_WHAT YOU HAVE TO DO_
Copy out every line of the data that follows, exactly.

Records contained in a dataset
(* Let $\alpha_1,\alpha_2,\alpha_3,\alpha_4\in\mathbb{C}$ be pairwise distinct. Let $f:\mathbb{Z}^4\to\mathbb{C}$ be a solution of the discrete potential KdV equation on every elementary square of $\mathbb{Z}^4$, namely $$(f_{i,j}-f)(f_i-f_j)=\alpha_i-\alpha_j\qquad\text{for all } 1\le i<j\le 4,$$ at every vertex. Assume the solution is generic, so that all denominators below are nonzero. Define $$x=\frac{f_1-f_3}{f_2-f_3},\qquad v=\frac{f_1-f_4}{f_2-f_4},$$ $$y=\frac{f_{1,3}-f_{3,4}}{f_{2,3}-f_{3,4}},\qquad u=\frac{f_{1,4}-f_{3,4}}{f_{2,4}-f_{3,4}}.$$ Thus $y$ is the shift of $v$ in direction $3$, and $u$ is the shift of $x$ in direction $4$. Then the following hold. (i) The quantities $x,y,u,v$ are invariant under the three-parameter symmetry group $G$ of the equation, which is generated by $$f\mapsto f+\varepsilon_1,\qquad f\mapsto f\,e^{\varepsilon_2(-1)^{n_1+n_2+n_3+n_4}},\qquad f\mapsto f+\varepsilon_3(-1)^{n_1+n_2+n_3+n_4}.$$ (ii) They are related by the Harrison map: $$u=yQ,\qquad v=xQ^{-1},$$ $$Q=\frac{(1-\gamma_2)+(\gamma_2-\gamma_1)x+\gamma_2(\gamma_1-1)xy}{(1-\gamma_1)+(\gamma_1-\gamma_2)y+\gamma_1(\gamma_2-1)xy},$$ where $$\gamma_1=\frac{\alpha_2-\alpha_3}{\alpha_1-\alpha_3},\qquad \gamma_2=\frac{\alpha_2-\alpha_4}{\alpha_1-\alpha_4}.$$ (iii) The Harrison map $R(x,y;\gamma_1,\gamma_2)=(yQ,\,xQ^{-1})$ is a Yang–Baxter map, i.e. $$R^{23}(\gamma_2,\gamma_3)R^{13}(\gamma_1,\gamma_3)R^{12}(\gamma_1,\gamma_2)=R^{12}(\gamma_1,\gamma_2)R^{13}(\gamma_1,\gamma_3)R^{23}(\gamma_2,\gamma_3).$$
   Context: Notation: $f=f(n)$, $f_i=f(n+e_i)$, $f_{i,j}=f(n+e_i+e_j)$ for $n=(n_1,\dots,n_4)\in\mathbb{Z}^4$, where $e_i$ are the unit vectors. For a map $R(x,y)=(F(x,y),H(x,y))$ on $\mathbb{X}\times\mathbb{X}$, the map $R^{ij}$ on $\mathbb{X}^3$ acts as $R$ on factors $i<j$, placing $F$ in slot $i$ and $H$ in slot $j$, and as the identity on the remaining factor. It uses the parameters indicated. *)

theory Defs
  imports Complex_Main
begin

text \<open>Lattice points of Z^4 are represented as functions nat => int supported on {1..4}.\<close>
type_synonym pt = "nat \<Rightarrow> int"

definition Z4 :: "pt set" where
  "Z4 = {n. \<forall>k. k \<notin> {1..4} \<longrightarrow> n k = 0}"

definition sh :: "pt \<Rightarrow> nat \<Rightarrow> pt" where
  "sh n i = (\<lambda>k. if k = i then n k + 1 else n k)"

definition par :: "pt \<Rightarrow> complex" where
  "par n = (if even (n 1 + n 2 + n 3 + n 4) then 1 else -1)"

definition dpKdV :: "(nat \<Rightarrow> complex) \<Rightarrow> (pt \<Rightarrow> complex) \<Rightarrow> bool" where
  "dpKdV \<alpha> f \<longleftrightarrow> (\<forall>n\<in>Z4. \<forall>i j. 1 \<le> i \<and> i < j \<and> j \<le> 4 \<longrightarrow>
      (f (sh (sh n i) j) - f n) * (f (sh n i) - f (sh n j)) = \<alpha> i - \<alpha> j)"

definition Xq :: "(pt \<Rightarrow> complex) \<Rightarrow> pt \<Rightarrow> complex" where
  "Xq f n = (f (sh n 1) - f (sh n 3)) / (f (sh n 2) - f (sh n 3))"
definition Vq :: "(pt \<Rightarrow> complex) \<Rightarrow> pt \<Rightarrow> complex" where
  "Vq f n = (f (sh n 1) - f (sh n 4)) / (f (sh n 2) - f (sh n 4))"
definition Yq :: "(pt \<Rightarrow> complex) \<Rightarrow> pt \<Rightarrow> complex" where
  "Yq f n = (f (sh (sh n 1) 3) - f (sh (sh n 3) 4)) / (f (sh (sh n 2) 3) - f (sh (sh n 3) 4))"
definition Uq :: "(pt \<Rightarrow> complex) \<Rightarrow> pt \<Rightarrow> complex" where
  "Uq f n = (f (sh (sh n 1) 4) - f (sh (sh n 3) 4)) / (f (sh (sh n 2) 4) - f (sh (sh n 3) 4))"

definition gen1 :: "complex \<Rightarrow> (pt \<Rightarrow> complex) \<Rightarrow> (pt \<Rightarrow> complex)" where
  "gen1 \<epsilon> f = (\<lambda>n. f n + \<epsilon>)"
definition gen2 :: "complex \<Rightarrow> (pt \<Rightarrow> complex) \<Rightarrow> (pt \<Rightarrow> complex)" where
  "gen2 \<epsilon> f = (\<lambda>n. f n * exp (\<epsilon> * par n))"
definition gen3 :: "complex \<Rightarrow> (pt \<Rightarrow> complex) \<Rightarrow> (pt \<Rightarrow> complex)" where
  "gen3 \<epsilon> f = (\<lambda>n. f n + \<epsilon> * par n)"

text \<open>The group generated (inverses of generators are generators with parameter -\<epsilon>)\<close>
inductive_set symG :: "((pt \<Rightarrow> complex) \<Rightarrow> (pt \<Rightarrow> complex)) set" where
  symG_id: "id \<in> symG"
| symG_1: "g \<in> symG \<Longrightarrow> gen1 \<epsilon> \<circ> g \<in> symG"
| symG_2: "g \<in> symG \<Longrightarrow> gen2 \<epsilon> \<circ> g \<in> symG"
| symG_3: "g \<in> symG \<Longrightarrow> gen3 \<epsilon> \<circ> g \<in> symG"

definition Qnum :: "complex \<Rightarrow> complex \<Rightarrow> complex \<Rightarrow> complex \<Rightarrow> complex" where
  "Qnum g1 g2 x y = (1 - g2) + (g2 - g1) * x + g2 * (g1 - 1) * x * y"
definition Qden :: "complex \<Rightarrow> complex \<Rightarrow> complex \<Rightarrow> complex \<Rightarrow> complex" where
  "Qden g1 g2 x y = (1 - g1) + (g1 - g2) * y + g1 * (g2 - 1) * x * y"
definition Qh :: "complex \<Rightarrow> complex \<Rightarrow> complex \<Rightarrow> complex \<Rightarrow> complex" where
  "Qh g1 g2 x y = Qnum g1 g2 x y / Qden g1 g2 x y"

_WRITTEN SOLUTION_
(* Let $\alpha_1,\alpha_2,\alpha_3,\alpha_4\in\mathbb{C}$ be pairwise distinct. Let $f:\mathbb{Z}^4\to\mathbb{C}$ be a solution of the discrete potential KdV equation on every elementary square of $\mathbb{Z}^4$, namely $$(f_{i,j}-f)(f_i-f_j)=\alpha_i-\alpha_j\qquad\text{for all } 1\le i<j\le 4,$$ at every vertex. Assume the solution is generic, so that all denominators below are nonzero. Define $$x=\frac{f_1-f_3}{f_2-f_3},\qquad v=\frac{f_1-f_4}{f_2-f_4},$$ $$y=\frac{f_{1,3}-f_{3,4}}{f_{2,3}-f_{3,4}},\qquad u=\frac{f_{1,4}-f_{3,4}}{f_{2,4}-f_{3,4}}.$$ Thus $y$ is the shift of $v$ in direction $3$, and $u$ is the shift of $x$ in direction $4$. Then the following hold. (i) The quantities $x,y,u,v$ are invariant under the three-parameter symmetry group $G$ of the equation, which is generated by $$f\mapsto f+\varepsilon_1,\qquad f\mapsto f\,e^{\varepsilon_2(-1)^{n_1+n_2+n_3+n_4}},\qquad f\mapsto f+\varepsilon_3(-1)^{n_1+n_2+n_3+n_4}.$$ (ii) They are related by the Harrison map: $$u=yQ,\qquad v=xQ^{-1},$$ $$Q=\frac{(1-\gamma_2)+(\gamma_2-\gamma_1)x+\gamma_2(\gamma_1-1)xy}{(1-\gamma_1)+(\gamma_1-\gamma_2)y+\gamma_1(\gamma_2-1)xy},$$ where $$\gamma_1=\frac{\alpha_2-\alpha_3}{\alpha_1-\alpha_3},\qquad \gamma_2=\frac{\alpha_2-\alpha_4}{\alpha_1-\alpha_4}.$$ (iii) The Harrison map $R(x,y;\gamma_1,\gamma_2)=(yQ,\,xQ^{-1})$ is a Yang–Baxter map, i.e. $$R^{23}(\gamma_2,\gamma_3)R^{13}(\gamma_1,\gamma_3)R^{12}(\gamma_1,\gamma_2)=R^{12}(\gamma_1,\gamma_2)R^{13}(\gamma_1,\gamma_3)R^{23}(\gamma_2,\gamma_3).$$
   Context: Notation: $f=f(n)$, $f_i=f(n+e_i)$, $f_{i,j}=f(n+e_i+e_j)$ for $n=(n_1,\dots,n_4)\in\mathbb{Z}^4$, where $e_i$ are the unit vectors. For a map $R(x,y)=(F(x,y),H(x,y))$ on $\mathbb{X}\times\mathbb{X}$, the map $R^{ij}$ on $\mathbb{X}^3$ acts as $R$ on factors $i<j$, placing $F$ in slot $i$ and $H$ in slot $j$, and as the identity on the remaining factor. It uses the parameters indicated. *)

theory Defs
  imports Complex_Main
begin

text \<open>Lattice points of Z^4 are represented as functions nat => int supported on {1..4}.\<close>
type_synonym pt = "nat \<Rightarrow> int"

definition Z4 :: "pt set" where
  "Z4 = {n. \<forall>k. k \<notin> {1..4} \<longrightarrow> n k = 0}"

definition sh :: "pt \<Rightarrow> nat \<Rightarrow> pt" where
  "sh n i = (\<lambda>k. if k = i then n k + 1 else n k)"

definition par :: "pt \<Rightarrow> complex" where
  "par n = (if even (n 1 + n 2 + n 3 + n 4) then 1 else -1)"

definition dpKdV :: "(nat \<Rightarrow> complex) \<Rightarrow> (pt \<Rightarrow> complex) \<Rightarrow> bool" where
  "dpKdV \<alpha> f \<longleftrightarrow> (\<forall>n\<in>Z4. \<forall>i j. 1 \<le> i \<and> i < j \<and> j \<le> 4 \<longrightarrow>
      (f (sh (sh n i) j) - f n) * (f (sh n i) - f (sh n j)) = \<alpha> i - \<alpha> j)"

definition Xq :: "(pt \<Rightarrow> complex) \<Rightarrow> pt \<Rightarrow> complex" where
  "Xq f n = (f (sh n 1) - f (sh n 3)) / (f (sh n 2) - f (sh n 3))"
definition Vq :: "(pt \<Rightarrow> complex) \<Rightarrow> pt \<Rightarrow> complex" where
  "Vq f n = (f (sh n 1) - f (sh n 4)) / (f (sh n 2) - f (sh n 4))"
definition Yq :: "(pt \<Rightarrow> complex) \<Rightarrow> pt \<Rightarrow> complex" where
  "Yq f n = (f (sh (sh n 1) 3) - f (sh (sh n 3) 4)) / (f (sh (sh n 2) 3) - f (sh (sh n 3) 4))"
definition Uq :: "(pt \<Rightarrow> complex) \<Rightarrow> pt \<Rightarrow> complex" where
  "Uq f n = (f (sh (sh n 1) 4) - f (sh (sh n 3) 4)) / (f (sh (sh n 2) 4) - f (sh (sh n 3) 4))"

definition gen1 :: "complex \<Rightarrow> (pt \<Rightarrow> complex) \<Rightarrow> (pt \<Rightarrow> complex)" where
  "gen1 \<epsilon> f = (\<lambda>n. f n + \<epsilon>)"
definition gen2 :: "complex \<Rightarrow> (pt \<Rightarrow> complex) \<Rightarrow> (pt \<Rightarrow> complex)" where
  "gen2 \<epsilon> f = (\<lambda>n. f n * exp (\<epsilon> * par n))"
definition gen3 :: "complex \<Rightarrow> (pt \<Rightarrow> complex) \<Rightarrow> (pt \<Rightarrow> complex)" where
  "gen3 \<epsilon> f = (\<lambda>n. f n + \<epsilon> * par n)"

text \<open>The group generated (inverses of generators are generators with parameter -\<epsilon>)\<close>
inductive_set symG :: "((pt \<Rightarrow> complex) \<Rightarrow> (pt \<Rightarrow> complex)) set" where
  symG_id: "id \<in> symG"
| symG_1: "g \<in> symG \<Longrightarrow> gen1 \<epsilon> \<circ> g \<in> symG"
| symG_2: "g \<in> symG \<Longrightarrow> gen2 \<epsilon> \<circ> g \<in> symG"
| symG_3: "g \<in> symG \<Longrightarrow> gen3 \<epsilon> \<circ> g \<in> symG"

definition Qnum :: "complex \<Rightarrow> complex \<Rightarrow> complex \<Rightarrow> complex \<Rightarrow> complex" where
  "Qnum g1 g2 x y = (1 - g2) + (g2 - g1) * x + g2 * (g1 - 1) * x * y"
definition Qden :: "complex \<Rightarrow> complex \<Rightarrow> complex \<Rightarrow> complex \<Rightarrow> complex" where
  "Qden g1 g2 x y = (1 - g1) + (g1 - g2) * y + g1 * (g2 - 1) * x * y"
definition Qh :: "complex \<Rightarrow> complex \<Rightarrow> complex \<Rightarrow> complex \<Rightarrow> complex" where
  "Qh g1 g2 x y = Qnum g1 g2 x y / Qden g1 g2 x y"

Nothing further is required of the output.